Icelandic Women Aren’t Done Fighting for Gender Equality
Of the many takeaways gleaned from the trip, one common refrain from the women we encountered was this: there is always room for improvement. For Drífa Snæda— the first female leader of the ASI, a labor union in Reykjavik—gender segregation still exists in the Icelandic workforce because women still hold lesser paying jobs.
“There have been too small changes in horizontal and vertical discrimination,” explains Snædal. “What needs to be done is to value caregiving jobs that women do equally to men’s jobs. The rise of the minimum wage is actually an act of equality, even if we don’t say it straight out. More often the women sit at the bottom of the wage structure so the rise of minimum wages is a rise in women’s wages.”
What that means throughout the pandemic, is that women are bearing the brunt of frontline work,” Snædal tells me over a Zoom call. “The workload, of course, in frontline workers is on women, but they haven’t lost their jobs.”

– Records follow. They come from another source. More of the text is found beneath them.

(* Let $\mathcal{H}$ be a Hilbert space of dimension $d$ with $2\le d<\infty$, let $X$ be a set with $d^2$ elements, and let $\mathbf{U}=\{U_x:x\in X\}$ and $\mathbf{U}'=\{U'_x:x\in X\}$ be unitary bases for $\mathcal{H}$. Then the following are equivalent: (i) $\mathbf{U}$ is phase-equivalent to $\mathbf{U}'$; (ii) for some $\mathbf{U}$-associated tag $(x_0,U_{x_0},\mathbf{W})$ and some $\mathbf{U}'$-associated tag $(x_0',U'_{x_0'},\mathbf{W}')$, $\mathbf{W}$ is phase-collectively-unitarily equivalent to $\mathbf{W}'$; (iii) for each $\mathbf{U}$-associated tag $(x_0,U_{x_0},\mathbf{W})$ there is a $\mathbf{U}'$-associated tag $(x_0',U'_{x_0'},\mathbf{W}')$ such that $\mathbf{W}$ is phase-collectively-unitarily equivalent to $\mathbf{W}'$; (iv) $\mathbf{U}$ and $\mathbf{U}'$ have the same fan systems to within phase-collective-unitary equivalence.
   Context: $S^1$ is the unit circle in $\mathbb{C}$. A unitary basis is a family $\mathbf{U}=\{U_x:x\in X\}$ of unitaries on $\mathcal{H}$ with $\operatorname{tr}(U_x^*U_y)=d\,\delta_{xy}$. Unitary bases $\mathbf{U},\mathbf{U}'$ are equivalent if there are unitaries $V_1,V_2$ and a bijection $x\mapsto x'$ of $X$ with $U'_{x'}=V_1U_xV_2$ for all $x$; they are phase-equivalent if there is a function $f:X\to S^1$ such that $\{f(x)U'_x:x\in X\}$ is equivalent to $\{U_x:x\in X\}$. For $x_0\in X$, the $\mathbf{U}$-associated tag at $x_0$ is $(x_0,U_{x_0},\mathbf{W})$ with $\mathbf{W}=\{U_{x_0}^*U_x: x\in X, x\ne x_0\}$; this $\mathbf{W}$ is a unitary system, i.e. a set of unitaries $W_y$ with $\operatorname{tr}W_y=0$ and $\operatorname{tr}(W_x^*W_y)=d\delta_{xy}$. For sets $\mathcal{F},\mathcal{G}$ of operators: $\mathcal{F}$ is collectively unitarily equivalent (CUE) to $\mathcal{G}$ (via $V$) if there is a unitary $V$ with $\mathcal{G}=\{V^*AV:A\in\mathcal{F}\}$; $\mathcal{F}$ is phase-collectively-unitarily equivalent (PCUE) to $\mathcal{G}$ if there is a function $f:\mathcal{F}\to S^1$ with $\{f(A)A:A\in\mathcal{F}\}$ CUE $\mathcal{G}$. A $\mathbf{W}$-MASS is a subset of $\mathbf{W}$ consisting of pairwise commuting elements and maximal with this property; the fan representation $\mathcal{V}_{\mathbf{W}}$ of $\mathbf{W}$ is the family of all $\mathbf{W}$-MASS's (whose union is $\mathbf{W}$). The fan system of $\mathbf{U}$ is $\{\mathcal{V}_{\mathbf{W}} : (x_0,U_{x_0},\mathbf{W})$ is the $\mathbf{U}$-associated tag at $x_0$, $x_0\in X\}$. Two fans $\{\mathbf{V}_\alpha:\alpha\in\Lambda\}$ (of $\mathbf{W}$) and $\{\mathbf{V}'_\beta:\beta\in\Lambda'\}$ (of $\mathbf{W}'$) are PCUE if there exist a unitary $V$, a function $h:\mathbf{W}\to S^1$ and a bijection $\alpha\mapsto\alpha'$ of $\Lambda$ onto $\Lambda'$ with $\{h(A)A: A\in\mathbf{V}_\alpha\}$ CUE $\mathbf{V}'_{\alpha'}$ via $V$ for every $\alpha$; two fan systems are the same to within PCUE if every fan in either is PCUE to some fan in the other. *)

theory Defs
  imports "HOL-Analysis.Analysis"
begin

text \<open>Operators on a d-dimensional Hilbert space are complex d x d matrices,
  with d = CARD('n).\<close>

type_synonym 'n cmat = "complex ^ 'n ^ 'n"

definition adj :: "'n::finite cmat \<Rightarrow> 'n cmat" where
  "adj A = transpose (map_matrix cnj A)"

definition cscale :: "complex \<Rightarrow> 'n::finite cmat \<Rightarrow> 'n cmat" where
  "cscale c A = (\<chi> i j. c * A $ i $ j)"

definition unitary_mat :: "'n::finite cmat \<Rightarrow> bool" where
  "unitary_mat U \<longleftrightarrow> adj U ** U = mat 1 \<and> U ** adj U = mat 1"

definition unitary_basis :: "'x set \<Rightarrow> ('x \<Rightarrow> 'n::finite cmat) \<Rightarrow> bool" where
  "unitary_basis X U \<longleftrightarrow>
     (\<forall>x\<in>X. unitary_mat (U x)) \<and>
     (\<forall>x\<in>X. \<forall>y\<in>X. trace (adj (U x) ** U y) = (if x = y then of_nat CARD('n) else 0))"

definition ub_equivalent :: "'x set \<Rightarrow> ('x \<Rightarrow> 'n::finite cmat) \<Rightarrow> ('x \<Rightarrow> 'n cmat) \<Rightarrow> bool" where
  "ub_equivalent X U U' \<longleftrightarrow>
     (\<exists>V1 V2 \<sigma>. unitary_mat V1 \<and> unitary_mat V2 \<and> bij_betw \<sigma> X X \<and>
        (\<forall>x\<in>X. U' (\<sigma> x) = V1 ** U x ** V2))"

definition phase_equivalent :: "'x set \<Rightarrow> ('x \<Rightarrow> 'n::finite cmat) \<Rightarrow> ('x \<Rightarrow> 'n cmat) \<Rightarrow> bool" where
  "phase_equivalent X U U' \<longleftrightarrow>
     (\<exists>f. (\<forall>x\<in>X. cmod (f x) = 1) \<and> ub_equivalent X (\<lambda>x. cscale (f x) (U' x)) U)"

text \<open>The unitary system W of the U-associated tag at x0.\<close>
definition tag_system :: "'x set \<Rightarrow> ('x \<Rightarrow> 'n::finite cmat) \<Rightarrow> 'x \<Rightarrow> 'n cmat set" where
  "tag_system X U x0 = {adj (U x0) ** U x | x. x \<in> X \<and> x \<noteq> x0}"

definition CUE_via :: "'n::finite cmat \<Rightarrow> 'n cmat set \<Rightarrow> 'n cmat set \<Rightarrow> bool" where
  "CUE_via V F G \<longleftrightarrow> unitary_mat V \<and> G = (\<lambda>A. adj V ** A ** V) ` F"

definition CUE :: "'n::finite cmat set \<Rightarrow> 'n cmat set \<Rightarrow> bool" where
  "CUE F G \<longleftrightarrow> (\<exists>V. CUE_via V F G)"

definition PCUE :: "'n::finite cmat set \<Rightarrow> 'n cmat set \<Rightarrow> bool" where
  "PCUE F G \<longleftrightarrow> (\<exists>f. (\<forall>A\<in>F. cmod (f A) = 1) \<and> CUE ((\<lambda>A. cscale (f A) A) ` F) G)"

definition is_MASS :: "'n::finite cmat set \<Rightarrow> 'n cmat set \<Rightarrow> bool" where
  "is_MASS W S \<longleftrightarrow> S \<subseteq> W \<and> (\<forall>A\<in>S. \<forall>B\<in>S. A ** B = B ** A) \<and>
     (\<forall>T. S \<subseteq> T \<and> T \<subseteq> W \<and> (\<forall>A\<in>T. \<forall>B\<in>T. A ** B = B ** A) \<longrightarrow> T = S)"

definition fan :: "'n::finite cmat set \<Rightarrow> 'n cmat set set" where
  "fan W = {S. is_MASS W S}"

text \<open>PCUE of fans, a fan being the family of all MASSes of its unitary system
  (whose union is that system).\<close>
definition fan_PCUE :: "'n::finite cmat set set \<Rightarrow> 'n cmat set set \<Rightarrow> bool" where
  "fan_PCUE F F' \<longleftrightarrow>
     (\<exists>V h \<beta>. (\<forall>A\<in>\<Union>F. cmod (h A) = 1) \<and> bij_betw \<beta> F F' \<and>
        (\<forall>S\<in>F. CUE_via V ((\<lambda>A. cscale (h A) A) ` S) (\<beta> S)))"

definition fan_system :: "'x set \<Rightarrow> ('x \<Rightarrow> 'n::finite cmat) \<Rightarrow> 'n cmat set set set" where
  "fan_system X U = (\<lambda>x0. fan (tag_system X U x0)) ` X"

definition same_fan_systems_PCUE :: "'n::finite cmat set set set \<Rightarrow> 'n cmat set set set \<Rightarrow> bool" where
  "same_fan_systems_PCUE FS FS' \<longleftrightarrow>
     (\<forall>F\<in>FS. \<exists>F'\<in>FS'. fan_PCUE F F') \<and> (\<forall>F'\<in>FS'. \<exists>F\<in>FS. fan_PCUE F' F)"

end

theory Submission
  imports Defs
begin

text \<open>The tag at x0 consists of the W_x = U(x0)* U(x), x \<noteq> x0, and trace orthogonality of
  the basis shows that no two of them are proportional. Hence a PCUE {c_x V* W_x V} of the tag at
  x0 onto the tag at x0' matches the indices bijectively, x \<mapsto> \<tau> x, and multiplying back by
  U'(x0') gives U'(\<tau> x) = (U'(x0') V* U(x0)*) (c_x U(x)) V, a phase equivalence. Conversely a
  phase equivalence U'(\<tau> x) = P (g_x U(x)) Q is a PCUE via Q of the tag at x0 onto the tag at
  \<tau> x0, for every x0. Conjugation by a unitary combined with nonzero rescaling preserves and
  reflects commutation, so such a PCUE carries MASSes to MASSes bijectively; conversely a PCUE of
  the fans is already a PCUE of the tags, since the MASSes cover the tag.\<close>

section \<open>Matrix algebra\<close>

lemma adj_nth [simp]: "adj A $ i $ j = cnj (A $ j $ i)"
  by (simp add: adj_def transpose_def)

lemma cscale_nth [simp]: "cscale c A $ i $ j = c * A $ i $ j"
  by (simp add: cscale_def)

lemma adj_mult: "adj (A ** B) = adj B ** (adj A :: 'n::finite cmat)"
  by (simp add: vec_eq_iff matrix_matrix_mult_def mult.commute)

lemma adj_adj [simp]: "adj (adj A) = A"
  by (simp add: vec_eq_iff)

lemma adj_cscale: "adj (cscale c A) = cscale (cnj c) (adj A)"
  by (simp add: vec_eq_iff)

lemma cscale_mult_left: "cscale c A ** B = cscale c (A ** (B :: 'n::finite cmat))"
  by (simp add: vec_eq_iff matrix_matrix_mult_def sum_distrib_left mult.assoc)

lemma cscale_mult_right: "A ** cscale c B = cscale c (A ** (B :: 'n::finite cmat))"
  by (simp add: vec_eq_iff matrix_matrix_mult_def sum_distrib_left algebra_simps)

lemma cscale_cscale: "cscale c (cscale c' A) = cscale (c * c') A"
  by (simp add: vec_eq_iff mult.assoc)

lemma cscale_1 [simp]: "cscale 1 A = A"
  by (simp add: vec_eq_iff)

lemma cscale_cancel: "c \<noteq> 0 \<Longrightarrow> cscale c A = cscale c B \<Longrightarrow> A = B"
  by (simp add: vec_eq_iff)

lemma trace_cscale: "trace (cscale c (A :: 'n::finite cmat)) = c * trace A"
  by (simp add: trace_def sum_distrib_left)

lemma cnj_mult_self_norm_1: "cmod c = 1 \<Longrightarrow> cnj c * c = 1"
  by (metis complex_norm_square mult.commute of_real_1 power_one)

lemma unitary_mat_adj: "unitary_mat V \<Longrightarrow> unitary_mat (adj V)"
  by (simp add: unitary_mat_def)

lemma unitary_mat_mult: "unitary_mat P \<Longrightarrow> unitary_mat Q \<Longrightarrow> unitary_mat (P ** Q)"
  unfolding unitary_mat_def adj_mult by (metis matrix_mul_assoc matrix_mul_lid)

Unemployment in the country has skyrocketed over the past year from 3 percent of the population to 12 percent—though the gender breakdown is about equal, Snædal explains. The disparity comes from who is most impacted by unemployment—26 percent of the unemployed are non-Icelandic compared to just seven percent that is Icelandic. That’s because the tourism sector in Iceland is largely run by immigrants.
But Snædal, too, is hopeful that tourism will pick back up again soon.
“We, of course, welcome people from abroad to our beautiful country,” she said. “We have a lot to offer, and hopefully we will be able to provide a healthy, safe environment.”
Iceland may consistently outscore other countries on the gender equality index, but the index only measures access to education, health services, and participation in both the labor market and political arena. What is notably absent is the rate of sex-related crimes, harassment, and abuse that often plagues women. “[Iceland] is still a culture contaminated by sexism and misogyny,” says Marinosdottir, woefully.
As an example, Icelandic Parliament’s Brynjólfsdóttir pointed to an event that happened within the government in late 2018, when seven politicians were recorded speaking about female colleagues in lewd and sexist terms. The politicians apologized, but only two were removed from office. The rest took time off, but continue to serve today.
During my time in Iceland, I was joined by a 20-year-old activist and former TEDx speaker, Una Torfadóttir. Torfadóttir is a musician and performance artist whose work is largely inspired by addressing gender norms. In 2015, she wrote a poem titled “Dear Girls,” which addresses issues women face daily. The poem was later turned into a dance performance. As Torfadóttir put it, although Icelandic legislation is mostly equal in terms of gender, the country still has a ways to go.
“Social change happens through generations, and one day the laws that provide women the same rights as men will no longer be needed,” she explains to me. “Equality will become the norm, the social agreement that women deserve no less than men. My generation is paving the way for the next generation to not have to worry about gendered stereotypes.”